EXERCISE DETAILS: Set down every entry below exactly as it stands.

Dataset entries:
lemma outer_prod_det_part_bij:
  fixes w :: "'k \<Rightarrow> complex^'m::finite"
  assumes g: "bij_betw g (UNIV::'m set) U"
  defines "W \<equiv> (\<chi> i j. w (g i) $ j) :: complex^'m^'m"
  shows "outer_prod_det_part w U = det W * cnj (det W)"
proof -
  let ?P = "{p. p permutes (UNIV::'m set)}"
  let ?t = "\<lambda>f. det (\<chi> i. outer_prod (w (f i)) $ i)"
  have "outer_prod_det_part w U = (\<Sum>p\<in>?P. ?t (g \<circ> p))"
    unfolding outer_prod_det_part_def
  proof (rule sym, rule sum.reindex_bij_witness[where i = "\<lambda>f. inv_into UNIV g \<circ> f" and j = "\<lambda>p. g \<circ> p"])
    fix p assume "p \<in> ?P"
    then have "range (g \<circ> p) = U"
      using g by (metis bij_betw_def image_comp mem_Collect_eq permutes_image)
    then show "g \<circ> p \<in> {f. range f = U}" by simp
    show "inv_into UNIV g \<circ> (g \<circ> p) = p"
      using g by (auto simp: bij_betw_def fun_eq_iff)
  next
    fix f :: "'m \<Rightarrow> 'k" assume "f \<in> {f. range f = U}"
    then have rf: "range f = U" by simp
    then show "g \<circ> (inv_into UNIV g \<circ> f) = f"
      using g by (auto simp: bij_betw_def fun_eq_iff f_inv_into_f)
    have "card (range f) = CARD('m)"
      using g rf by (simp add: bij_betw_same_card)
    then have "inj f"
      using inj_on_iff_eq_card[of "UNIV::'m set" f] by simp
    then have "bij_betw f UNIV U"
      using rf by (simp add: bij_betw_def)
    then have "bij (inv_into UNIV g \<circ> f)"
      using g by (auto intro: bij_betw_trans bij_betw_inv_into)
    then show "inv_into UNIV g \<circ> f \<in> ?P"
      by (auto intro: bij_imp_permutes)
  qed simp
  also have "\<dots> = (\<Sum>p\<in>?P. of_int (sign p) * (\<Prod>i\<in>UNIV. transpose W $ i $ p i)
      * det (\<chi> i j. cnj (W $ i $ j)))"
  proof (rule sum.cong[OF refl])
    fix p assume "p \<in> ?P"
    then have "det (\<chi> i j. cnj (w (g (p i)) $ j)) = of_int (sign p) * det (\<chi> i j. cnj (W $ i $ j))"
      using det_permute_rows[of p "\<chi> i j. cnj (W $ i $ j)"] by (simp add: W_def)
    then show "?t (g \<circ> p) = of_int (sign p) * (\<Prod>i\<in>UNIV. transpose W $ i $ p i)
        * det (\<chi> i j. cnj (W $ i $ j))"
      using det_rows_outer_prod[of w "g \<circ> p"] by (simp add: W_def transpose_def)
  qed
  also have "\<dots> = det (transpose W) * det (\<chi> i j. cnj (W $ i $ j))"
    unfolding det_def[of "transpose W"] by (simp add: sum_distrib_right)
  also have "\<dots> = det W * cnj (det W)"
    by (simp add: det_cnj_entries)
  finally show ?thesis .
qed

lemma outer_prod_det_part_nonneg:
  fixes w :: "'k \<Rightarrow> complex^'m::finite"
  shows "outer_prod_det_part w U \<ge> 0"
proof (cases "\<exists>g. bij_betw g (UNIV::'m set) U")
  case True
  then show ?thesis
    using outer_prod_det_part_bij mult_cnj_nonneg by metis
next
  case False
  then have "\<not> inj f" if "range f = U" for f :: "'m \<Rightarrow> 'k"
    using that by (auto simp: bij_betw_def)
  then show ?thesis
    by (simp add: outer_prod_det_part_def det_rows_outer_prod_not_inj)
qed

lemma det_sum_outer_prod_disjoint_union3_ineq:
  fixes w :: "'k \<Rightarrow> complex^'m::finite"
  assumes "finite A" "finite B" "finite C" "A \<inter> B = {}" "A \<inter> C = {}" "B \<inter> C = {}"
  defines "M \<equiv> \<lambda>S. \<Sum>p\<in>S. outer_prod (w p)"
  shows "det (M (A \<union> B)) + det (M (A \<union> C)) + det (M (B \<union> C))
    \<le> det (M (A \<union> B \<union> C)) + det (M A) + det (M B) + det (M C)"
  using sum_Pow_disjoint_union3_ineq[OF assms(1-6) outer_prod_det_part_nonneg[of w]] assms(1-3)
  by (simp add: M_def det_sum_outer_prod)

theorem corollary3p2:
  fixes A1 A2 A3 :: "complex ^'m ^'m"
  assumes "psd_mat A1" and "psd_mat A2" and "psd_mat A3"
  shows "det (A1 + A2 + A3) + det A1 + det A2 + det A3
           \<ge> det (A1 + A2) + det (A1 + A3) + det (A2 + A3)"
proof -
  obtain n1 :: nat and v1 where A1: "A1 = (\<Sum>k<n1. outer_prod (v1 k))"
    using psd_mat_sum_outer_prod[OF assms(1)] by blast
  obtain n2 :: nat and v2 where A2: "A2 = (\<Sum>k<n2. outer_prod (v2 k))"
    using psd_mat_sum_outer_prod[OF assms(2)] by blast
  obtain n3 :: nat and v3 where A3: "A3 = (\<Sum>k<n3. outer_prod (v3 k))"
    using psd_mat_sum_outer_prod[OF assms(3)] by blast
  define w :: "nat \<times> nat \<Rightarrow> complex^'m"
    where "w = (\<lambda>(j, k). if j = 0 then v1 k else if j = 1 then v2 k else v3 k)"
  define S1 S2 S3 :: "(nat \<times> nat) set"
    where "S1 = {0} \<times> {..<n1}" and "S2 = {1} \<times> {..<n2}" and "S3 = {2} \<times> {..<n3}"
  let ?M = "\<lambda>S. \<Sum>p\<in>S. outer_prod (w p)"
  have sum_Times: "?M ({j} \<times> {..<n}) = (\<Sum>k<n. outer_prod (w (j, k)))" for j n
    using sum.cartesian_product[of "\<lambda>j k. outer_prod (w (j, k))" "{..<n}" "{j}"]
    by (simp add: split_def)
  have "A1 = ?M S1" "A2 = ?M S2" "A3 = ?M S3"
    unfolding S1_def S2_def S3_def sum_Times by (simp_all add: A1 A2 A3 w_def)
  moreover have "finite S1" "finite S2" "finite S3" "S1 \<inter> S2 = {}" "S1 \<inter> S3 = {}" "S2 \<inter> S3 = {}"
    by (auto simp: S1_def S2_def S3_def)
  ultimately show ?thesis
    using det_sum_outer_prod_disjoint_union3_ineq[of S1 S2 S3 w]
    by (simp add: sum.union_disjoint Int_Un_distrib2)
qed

OUTPUT OF THE EXERCISE:
lemma outer_prod_det_part_bij:
  fixes w :: "'k \<Rightarrow> complex^'m::finite"
  assumes g: "bij_betw g (UNIV::'m set) U"
  defines "W \<equiv> (\<chi> i j. w (g i) $ j) :: complex^'m^'m"
  shows "outer_prod_det_part w U = det W * cnj (det W)"
proof -
  let ?P = "{p. p permutes (UNIV::'m set)}"
  let ?t = "\<lambda>f. det (\<chi> i. outer_prod (w (f i)) $ i)"
  have "outer_prod_det_part w U = (\<Sum>p\<in>?P. ?t (g \<circ> p))"
    unfolding outer_prod_det_part_def
  proof (rule sym, rule sum.reindex_bij_witness[where i = "\<lambda>f. inv_into UNIV g \<circ> f" and j = "\<lambda>p. g \<circ> p"])
    fix p assume "p \<in> ?P"
    then have "range (g \<circ> p) = U"
      using g by (metis bij_betw_def image_comp mem_Collect_eq permutes_image)
    then show "g \<circ> p \<in> {f. range f = U}" by simp
    show "inv_into UNIV g \<circ> (g \<circ> p) = p"
      using g by (auto simp: bij_betw_def fun_eq_iff)
  next
    fix f :: "'m \<Rightarrow> 'k" assume "f \<in> {f. range f = U}"
    then have rf: "range f = U" by simp
    then show "g \<circ> (inv_into UNIV g \<circ> f) = f"
      using g by (auto simp: bij_betw_def fun_eq_iff f_inv_into_f)
    have "card (range f) = CARD('m)"
      using g rf by (simp add: bij_betw_same_card)
    then have "inj f"
      using inj_on_iff_eq_card[of "UNIV::'m set" f] by simp
    then have "bij_betw f UNIV U"
      using rf by (simp add: bij_betw_def)
    then have "bij (inv_into UNIV g \<circ> f)"
      using g by (auto intro: bij_betw_trans bij_betw_inv_into)
    then show "inv_into UNIV g \<circ> f \<in> ?P"
      by (auto intro: bij_imp_permutes)
  qed simp
  also have "\<dots> = (\<Sum>p\<in>?P. of_int (sign p) * (\<Prod>i\<in>UNIV. transpose W $ i $ p i)
      * det (\<chi> i j. cnj (W $ i $ j)))"
  proof (rule sum.cong[OF refl])
    fix p assume "p \<in> ?P"
    then have "det (\<chi> i j. cnj (w (g (p i)) $ j)) = of_int (sign p) * det (\<chi> i j. cnj (W $ i $ j))"
      using det_permute_rows[of p "\<chi> i j. cnj (W $ i $ j)"] by (simp add: W_def)
    then show "?t (g \<circ> p) = of_int (sign p) * (\<Prod>i\<in>UNIV. transpose W $ i $ p i)
        * det (\<chi> i j. cnj (W $ i $ j))"
      using det_rows_outer_prod[of w "g \<circ> p"] by (simp add: W_def transpose_def)
  qed
  also have "\<dots> = det (transpose W) * det (\<chi> i j. cnj (W $ i $ j))"
    unfolding det_def[of "transpose W"] by (simp add: sum_distrib_right)
  also have "\<dots> = det W * cnj (det W)"
    by (simp add: det_cnj_entries)
  finally show ?thesis .
qed

lemma outer_prod_det_part_nonneg:
  fixes w :: "'k \<Rightarrow> complex^'m::finite"
  shows "outer_prod_det_part w U \<ge> 0"
proof (cases "\<exists>g. bij_betw g (UNIV::'m set) U")
  case True
  then show ?thesis
    using outer_prod_det_part_bij mult_cnj_nonneg by metis
next
  case False
  then have "\<not> inj f" if "range f = U" for f :: "'m \<Rightarrow> 'k"
    using that by (auto simp: bij_betw_def)
  then show ?thesis
    by (simp add: outer_prod_det_part_def det_rows_outer_prod_not_inj)
qed

lemma det_sum_outer_prod_disjoint_union3_ineq:
  fixes w :: "'k \<Rightarrow> complex^'m::finite"
  assumes "finite A" "finite B" "finite C" "A \<inter> B = {}" "A \<inter> C = {}" "B \<inter> C = {}"
  defines "M \<equiv> \<lambda>S. \<Sum>p\<in>S. outer_prod (w p)"
  shows "det (M (A \<union> B)) + det (M (A \<union> C)) + det (M (B \<union> C))
    \<le> det (M (A \<union> B \<union> C)) + det (M A) + det (M B) + det (M C)"
  using sum_Pow_disjoint_union3_ineq[OF assms(1-6) outer_prod_det_part_nonneg[of w]] assms(1-3)
  by (simp add: M_def det_sum_outer_prod)

theorem corollary3p2:
  fixes A1 A2 A3 :: "complex ^'m ^'m"
  assumes "psd_mat A1" and "psd_mat A2" and "psd_mat A3"
  shows "det (A1 + A2 + A3) + det A1 + det A2 + det A3
           \<ge> det (A1 + A2) + det (A1 + A3) + det (A2 + A3)"
proof -
  obtain n1 :: nat and v1 where A1: "A1 = (\<Sum>k<n1. outer_prod (v1 k))"
    using psd_mat_sum_outer_prod[OF assms(1)] by blast
  obtain n2 :: nat and v2 where A2: "A2 = (\<Sum>k<n2. outer_prod (v2 k))"
    using psd_mat_sum_outer_prod[OF assms(2)] by blast
  obtain n3 :: nat and v3 where A3: "A3 = (\<Sum>k<n3. outer_prod (v3 k))"
    using psd_mat_sum_outer_prod[OF assms(3)] by blast
  define w :: "nat \<times> nat \<Rightarrow> complex^'m"
    where "w = (\<lambda>(j, k). if j = 0 then v1 k else if j = 1 then v2 k else v3 k)"
  define S1 S2 S3 :: "(nat \<times> nat) set"
    where "S1 = {0} \<times> {..<n1}" and "S2 = {1} \<times> {..<n2}" and "S3 = {2} \<times> {..<n3}"
  let ?M = "\<lambda>S. \<Sum>p\<in>S. outer_prod (w p)"
  have sum_Times: "?M ({j} \<times> {..<n}) = (\<Sum>k<n. outer_prod (w (j, k)))" for j n
    using sum.cartesian_product[of "\<lambda>j k. outer_prod (w (j, k))" "{..<n}" "{j}"]
    by (simp add: split_def)
  have "A1 = ?M S1" "A2 = ?M S2" "A3 = ?M S3"
    unfolding S1_def S2_def S3_def sum_Times by (simp_all add: A1 A2 A3 w_def)
  moreover have "finite S1" "finite S2" "finite S3" "S1 \<inter> S2 = {}" "S1 \<inter> S3 = {}" "S2 \<inter> S3 = {}"
    by (auto simp: S1_def S2_def S3_def)
  ultimately show ?thesis
    using det_sum_outer_prod_disjoint_union3_ineq[of S1 S2 S3 w]
    by (simp add: sum.union_disjoint Int_Un_distrib2)
qed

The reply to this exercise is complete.